- Data extract:
>>

text \<open>Over \<open>\<complex>\<close> every binomial \<open>C m\<^sub>0\<^sup>2 + D m\<^sub>1\<^sup>2\<close> is a difference of squares
  \<open>(s m\<^sub>0 + t m\<^sub>1)(s m\<^sub>0 - t m\<^sub>1)\<close> with \<open>s\<^sup>2 = C\<close>, \<open>t\<^sup>2 = -D\<close>.\<close>
lemma quartic_binomial_not_irreducible:
  assumes "i0 + j0 \<le> 2" and "i1 + j1 \<le> 2"
    and q: "\<forall>x y z. form3 4 q x y z = C * (x ^ i0 * y ^ j0 * z ^ (2 - i0 - j0))\<^sup>2
                                     + D * (x ^ i1 * y ^ j1 * z ^ (2 - i1 - j1))\<^sup>2"
  shows "\<not> irreducible_form3 4 q"
proof -
  define s t where "s = csqrt C" and "t = csqrt (- D)"
  define u where "u = (\<lambda>i j. if i = i0 \<and> j = j0 then s else 0)"
  define v where "v = (\<lambda>i j. if i = i1 \<and> j = j1 then t else 0)"
  have "form3 4 q x y z
          = form3 2 (\<lambda>i j. u i j + v i j) x y z * form3 (4 - 2) (\<lambda>i j. u i j - v i j) x y z"
    for x y z
  proof -
    define m0 m1 where "m0 = x ^ i0 * y ^ j0 * z ^ (2 - i0 - j0)"
      and "m1 = x ^ i1 * y ^ j1 * z ^ (2 - i1 - j1)"
    have "form3 4 q x y z = C * m0\<^sup>2 + D * m1\<^sup>2"
      using q unfolding m0_def m1_def by blast
    also have "\<dots> = (s * m0 + t * m1) * (s * m0 - t * m1)"
      by (simp add: s_def t_def algebra_simps power_mult_distrib flip: power2_eq_square)
    also have "\<dots> = form3 2 (\<lambda>i j. u i j + v i j) x y z * form3 (4 - 2) (\<lambda>i j. u i j - v i j) x y z"
      using assms(1,2)
      by (simp add: form3_add form3_diff u_def v_def m0_def m1_def form3_monomial mult.assoc)
    finally show ?thesis .
  qed
  then show ?thesis
    unfolding irreducible_form3_def by (intro notI, elim conjE notE) (rule exI[of _ 2], auto)
qed
lemma shiftable_top_ball:
  assumes "\<forall>x\<in>Z. x < M"
  shows "shiftable [M..<M + k] (insert M Z) \<and>
    fold shift_ball [M..<M + k] (insert M Z) = insert (M + k) Z"
proof (induction k)
  case (Suc k)
  have "M + k \<notin> Z" "Suc (M + k) \<notin> Z" using assms by auto
  then have "shift_ball (M + k) (insert (M + k) Z) = insert (M + Suc k) Z"
    by (auto simp: shift_ball_def)
  then show ?case using Suc \<open>Suc (M + k) \<notin> Z\<close> by (simp add: shiftable_append)
qed simp

lemma exists_separating_shifts:
  assumes "finite Z" "\<forall>x\<in>Z. x < N"
  shows "\<exists>as. shiftable as Z \<and> length as \<le> card Z * card Z \<and> separated (fold shift_ball as Z) \<and>
    (\<forall>x\<in>fold shift_ball as Z. x < N + card Z)"
  using assms
proof (induction "card Z" arbitrary: Z N)
  case 0
  then show ?case by (intro exI[of _ "[]"]) (auto simp: separated_def)
next
  case (Suc n)
  define M where "M = Max Z"
  define Z' where "Z' = Z - {M}"
  have "M \<in> Z" using Suc.hyps(2) Suc.prems(1) by (metis M_def Max_in card.empty nat.simps(3))
  then have Z: "Z = insert M Z'" "M < N" "card Z' = n" "finite Z'"
    using Suc.hyps(2) Suc.prems by (auto simp: Z'_def)
  have below_M: "\<forall>x\<in>Z'. x < M"
    using Suc.prems(1) by (auto simp: Z'_def M_def order.not_eq_order_implies_strict)
  obtain as' where as': "shiftable as' Z'" "length as' \<le> n * n" "separated (fold shift_ball as' Z')"
    "\<forall>x\<in>fold shift_ball as' Z'. x < M + n"
    using Suc.hyps(1)[of Z' M] Z below_M by auto
  define m where "m = M + Suc n"
  have top: "shiftable [M..<m] Z" "fold shift_ball [M..<m] Z = insert m Z'"
    using shiftable_top_ball[OF below_M, of "Suc n"] Z(1) by (simp_all add: m_def)
  have "\<forall>x\<in>fold shift_ball as' Z'. Suc x < m" using as'(4) by (auto simp: m_def)
  then have lift: "shiftable as' (insert m Z')"
      "fold shift_ball as' (insert m Z') = insert m (fold shift_ball as' Z')"
    using shiftable_insert_above[OF as'(1)] by auto
  show ?case
  proof (intro exI[of _ "[M..<m] @ as'"] conjI)
    show "shiftable ([M..<m] @ as') Z" using top lift by (simp add: shiftable_append)
    show "length ([M..<m] @ as') \<le> card Z * card Z"
      using as'(2) by (simp add: m_def flip: Suc.hyps(2))
    have final: "fold shift_ball ([M..<m] @ as') Z = insert m (fold shift_ball as' Z')"
      using top lift by simp
    show "separated (fold shift_ball ([M..<m] @ as') Z)"
      unfolding final using as'(3,4) by (auto simp: separated_def m_def)
    show "\<forall>x\<in>fold shift_ball ([M..<m] @ as') Z. x < N + card Z"
      unfolding final using as'(4) Z(2) Suc.hyps(2) by (auto simp: m_def)
  qed
qed

definition separating_shifts :: "nat set \<Rightarrow> nat list" where
  "separating_shifts Z =
    (SOME as. shiftable as Z \<and> length as \<le> card Z * card Z \<and> separated (fold shift_ball as Z))"

lemma separating_shifts:
  assumes "finite Z"
  shows "shiftable (separating_shifts Z) Z" "length (separating_shifts Z) \<le> card Z * card Z"
    "separated (fold shift_ball (separating_shifts Z) Z)"
proof -
  obtain N where "\<forall>x\<in>Z. x < N" using assms finite_nat_set_iff_bounded by blast
  then have "\<exists>as. shiftable as Z \<and> length as \<le> card Z * card Z \<and> separated (fold shift_ball as Z)"
    using exists_separating_shifts[OF assms] by blast
  from someI_ex[OF this] show "shiftable (separating_shifts Z) Z"
    "length (separating_shifts Z) \<le> card Z * card Z"
    "separated (fold shift_ball (separating_shifts Z) Z)"
    unfolding separating_shifts_def by blast+
qed

section \<open>The coin field\<close>

abbreviation coin :: "real \<Rightarrow> bool measure" where
  "coin \<epsilon> \<equiv> measure_pmf (bernoulli_pmf (1 - \<epsilon>))"

lemma space_coin_space [simp]: "space (coin_space \<epsilon>) = UNIV"
  by (simp add: coin_space_def space_PiM)

lemma prob_space_coin_space: "prob_space (coin_space \<epsilon>)"
  unfolding coin_space_def by (intro prob_space_PiM measure_pmf.prob_space_axioms)

lemma product_prob_space_coin: "product_prob_space (\<lambda>_. coin \<epsilon>)"
  by (intro product_prob_spaceI measure_pmf.prob_space_axioms)

definition determined_by :: "'i set \<Rightarrow> (('i \<Rightarrow> 'a) \<Rightarrow> 'b) \<Rightarrow> bool" where
  "determined_by J F \<longleftrightarrow> (\<forall>\<omega> \<omega>'. (\<forall>i\<in>J. \<omega> i = \<omega>' i) \<longrightarrow> F \<omega> = F \<omega>')"

lemma determined_byD: "determined_by J F \<Longrightarrow> (\<And>i. i \<in> J \<Longrightarrow> \<omega> i = \<omega>' i) \<Longrightarrow> F \<omega> = F \<omega>'"
  unfolding determined_by_def by blast

lemma determined_by_compose2:
  "determined_by J F \<Longrightarrow> determined_by J G \<Longrightarrow> determined_by J (\<lambda>\<omega>. H (F \<omega>) (G \<omega>))"
  unfolding determined_by_def by metis

lemma coin_cylinder_in_sets:
  assumes "finite J"
  shows "{\<omega>. \<forall>i\<in>J. \<omega> i = v i} \<in> sets (coin_space \<epsilon>)"
proof -
  have "{\<omega>. \<omega> i = v i} \<in> sets (coin_space \<epsilon>)" for i
    using measurable_sets[OF measurable_component_singleton[of i UNIV "\<lambda>_. coin \<epsilon>"], of "{v i}"]
    by (simp add: coin_space_def vimage_def space_PiM)
  then have "{\<omega> \<in> space (coin_space \<epsilon>). \<forall>i\<in>J. \<omega> i = v i} \<in> sets (coin_space \<epsilon>)"
    using assms by (intro sets.sets_Collect_finite_All) auto
  then show ?thesis by simp
qed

<<

- Problem description:
Here the output must be the lines above from the line with "using shiftable_top_ball[OF below_M, of" to the line with "(SOME as. shiftable", both included, duplicated word for word and nothing else.

- Task answer:
    using shiftable_top_ball[OF below_M, of "Suc n"] Z(1) by (simp_all add: m_def)
  have "\<forall>x\<in>fold shift_ball as' Z'. Suc x < m" using as'(4) by (auto simp: m_def)
  then have lift: "shiftable as' (insert m Z')"
      "fold shift_ball as' (insert m Z') = insert m (fold shift_ball as' Z')"
    using shiftable_insert_above[OF as'(1)] by auto
  show ?case
  proof (intro exI[of _ "[M..<m] @ as'"] conjI)
    show "shiftable ([M..<m] @ as') Z" using top lift by (simp add: shiftable_append)
    show "length ([M..<m] @ as') \<le> card Z * card Z"
      using as'(2) by (simp add: m_def flip: Suc.hyps(2))
    have final: "fold shift_ball ([M..<m] @ as') Z = insert m (fold shift_ball as' Z')"
      using top lift by simp
    show "separated (fold shift_ball ([M..<m] @ as') Z)"
      unfolding final using as'(3,4) by (auto simp: separated_def m_def)
    show "\<forall>x\<in>fold shift_ball ([M..<m] @ as') Z. x < N + card Z"
      unfolding final using as'(4) Z(2) Suc.hyps(2) by (auto simp: m_def)
  qed
qed

definition separating_shifts :: "nat set \<Rightarrow> nat list" where
  "separating_shifts Z =
    (SOME as. shiftable as Z \<and> length as \<le> card Z * card Z \<and> separated (fold shift_ball as Z))"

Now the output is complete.